AIM OF THE TASK:
Check every line of the records below for the string "imports" and copy the ones that have it.

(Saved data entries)
(* Let $m\geq 3$ and $n\geq 2$ be integers with $m\leq n$, let $K_m$ and $K_n$ be the complete graphs of orders $m$ and $n$. Then $rvcl(K_m\diamond K_n)=n+1$ if $n\geq |E(K_m)|-1$, and $rvcl(K_m\diamond K_n)=n+2$ if $n<|E(K_m)|-1$, where $|E(K_m)|=m(m-1)/2$.
   Context: All graphs are finite, simple, connected and undirected; $d$ denotes graph distance. A rainbow vertex $k$-coloring of $G$ is a map $c:V(G)\to\{1,\dots,k\}$ such that every two vertices are joined by a path whose internal vertices all receive distinct colors. For such $c$ let $R_i=c^{-1}(i)$; the rainbow code of $v$ is $(d(v,R_1),\dots,d(v,R_k))$ with $d(v,R_i)=\min_{x\in R_i}d(v,x)$. A locating rainbow $k$-coloring is a rainbow vertex $k$-coloring in which distinct vertices have distinct rainbow codes; $rvcl(G)$ is the least $k$ for which one exists. For graphs $G_m$ (order $m$) and $H_n$ (order $n$) on disjoint vertex sets, the edge corona $G_m\diamond H_n$ is obtained from one copy of $G_m$ and $|E(G_m)|$ vertex-disjoint copies of $H_n$, one per edge of $G_m$, by joining both end vertices of the $j$-th edge of $G_m$ to every vertex of the $j$-th copy of $H_n$. *)

theory Defs
  imports Main "HOL-Library.Extended_Nat"
begin

type_synonym 'a graph = "'a set \<times> 'a set set"

definition verts :: "'a graph \<Rightarrow> 'a set" where "verts G = fst G"
definition edges :: "'a graph \<Rightarrow> 'a set set" where "edges G = snd G"

definition simple_graph :: "'a graph \<Rightarrow> bool" where
  "simple_graph G \<longleftrightarrow> finite (verts G) \<and>
     (\<forall>e\<in>edges G. \<exists>u v. e = {u, v} \<and> u \<noteq> v \<and> u \<in> verts G \<and> v \<in> verts G)"

definition is_path :: "'a graph \<Rightarrow> 'a \<Rightarrow> 'a \<Rightarrow> 'a list \<Rightarrow> bool" where
  "is_path G u v p \<longleftrightarrow> p \<noteq> [] \<and> hd p = u \<and> last p = v \<and> distinct p \<and>
     set p \<subseteq> verts G \<and> (\<forall>i. Suc i < length p \<longrightarrow> {p ! i, p ! Suc i} \<in> edges G)"

definition connected_graph :: "'a graph \<Rightarrow> bool" where
  "connected_graph G \<longleftrightarrow> verts G \<noteq> {} \<and>
     (\<forall>u\<in>verts G. \<forall>v\<in>verts G. \<exists>p. is_path G u v p)"

definition gdist :: "'a graph \<Rightarrow> 'a \<Rightarrow> 'a \<Rightarrow> nat" where
  "gdist G u v = (LEAST k. \<exists>p. is_path G u v p \<and> length p = Suc k)"

text \<open>Distance from a vertex to a set of vertices (infinite for the empty set).\<close>
definition setdist :: "'a graph \<Rightarrow> 'a \<Rightarrow> 'a set \<Rightarrow> enat" where
  "setdist G v R = (INF x\<in>R. enat (gdist G v x))"

definition rainbow_vertex_coloring :: "'a graph \<Rightarrow> nat \<Rightarrow> ('a \<Rightarrow> nat) \<Rightarrow> bool" where
  "rainbow_vertex_coloring G k c \<longleftrightarrow>
     (\<forall>v\<in>verts G. c v \<in> {1..k}) \<and>
     (\<forall>u\<in>verts G. \<forall>v\<in>verts G. \<exists>p. is_path G u v p \<and> distinct (map c (butlast (tl p))))"

definition color_class :: "'a graph \<Rightarrow> ('a \<Rightarrow> nat) \<Rightarrow> nat \<Rightarrow> 'a set" where
  "color_class G c i = {x \<in> verts G. c x = i}"

definition rainbow_code :: "'a graph \<Rightarrow> nat \<Rightarrow> ('a \<Rightarrow> nat) \<Rightarrow> 'a \<Rightarrow> enat list" where
  "rainbow_code G k c v = map (\<lambda>i. setdist G v (color_class G c i)) [1..<Suc k]"

definition locating_rainbow_coloring :: "'a graph \<Rightarrow> nat \<Rightarrow> ('a \<Rightarrow> nat) \<Rightarrow> bool" where
  "locating_rainbow_coloring G k c \<longleftrightarrow> rainbow_vertex_coloring G k c \<and>
     inj_on (rainbow_code G k c) (verts G)"

definition rvcl :: "'a graph \<Rightarrow> nat" where
  "rvcl G = (LEAST k. \<exists>c. locating_rainbow_coloring G k c)"

definition complete_graph :: "nat \<Rightarrow> nat graph" where
  "complete_graph n = ({0..<n}, {{i, j} | i j. i < n \<and> j < n \<and> i \<noteq> j})"

text \<open>Edge corona G \<diamond> H: a copy of G (vertices Inl x) and, for each edge e of G,
  a copy of H (vertices Inr (e, y)), with both ends of e joined to every vertex
  of the copy of H indexed by e.\<close>
definition edge_corona :: "'a graph \<Rightarrow> 'b graph \<Rightarrow> ('a + ('a set \<times> 'b)) graph" where
  "edge_corona G H =
    (Inl ` verts G \<union> {Inr (e, y) | e y. e \<in> edges G \<and> y \<in> verts H},
     (\<lambda>e. Inl ` e) ` edges G
     \<union> {(\<lambda>y. Inr (e, y)) ` f | e f. e \<in> edges G \<and> f \<in> edges H}
     \<union> {{Inl x, Inr (e, y)} | x e y. e \<in> edges G \<and> x \<in> e \<and> y \<in> verts H})"

end

theory Submission
  imports Defs
begin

ANSWER TO THIS EXERCISE:
  imports Main "HOL-Library.Extended_Nat"
  imports Defs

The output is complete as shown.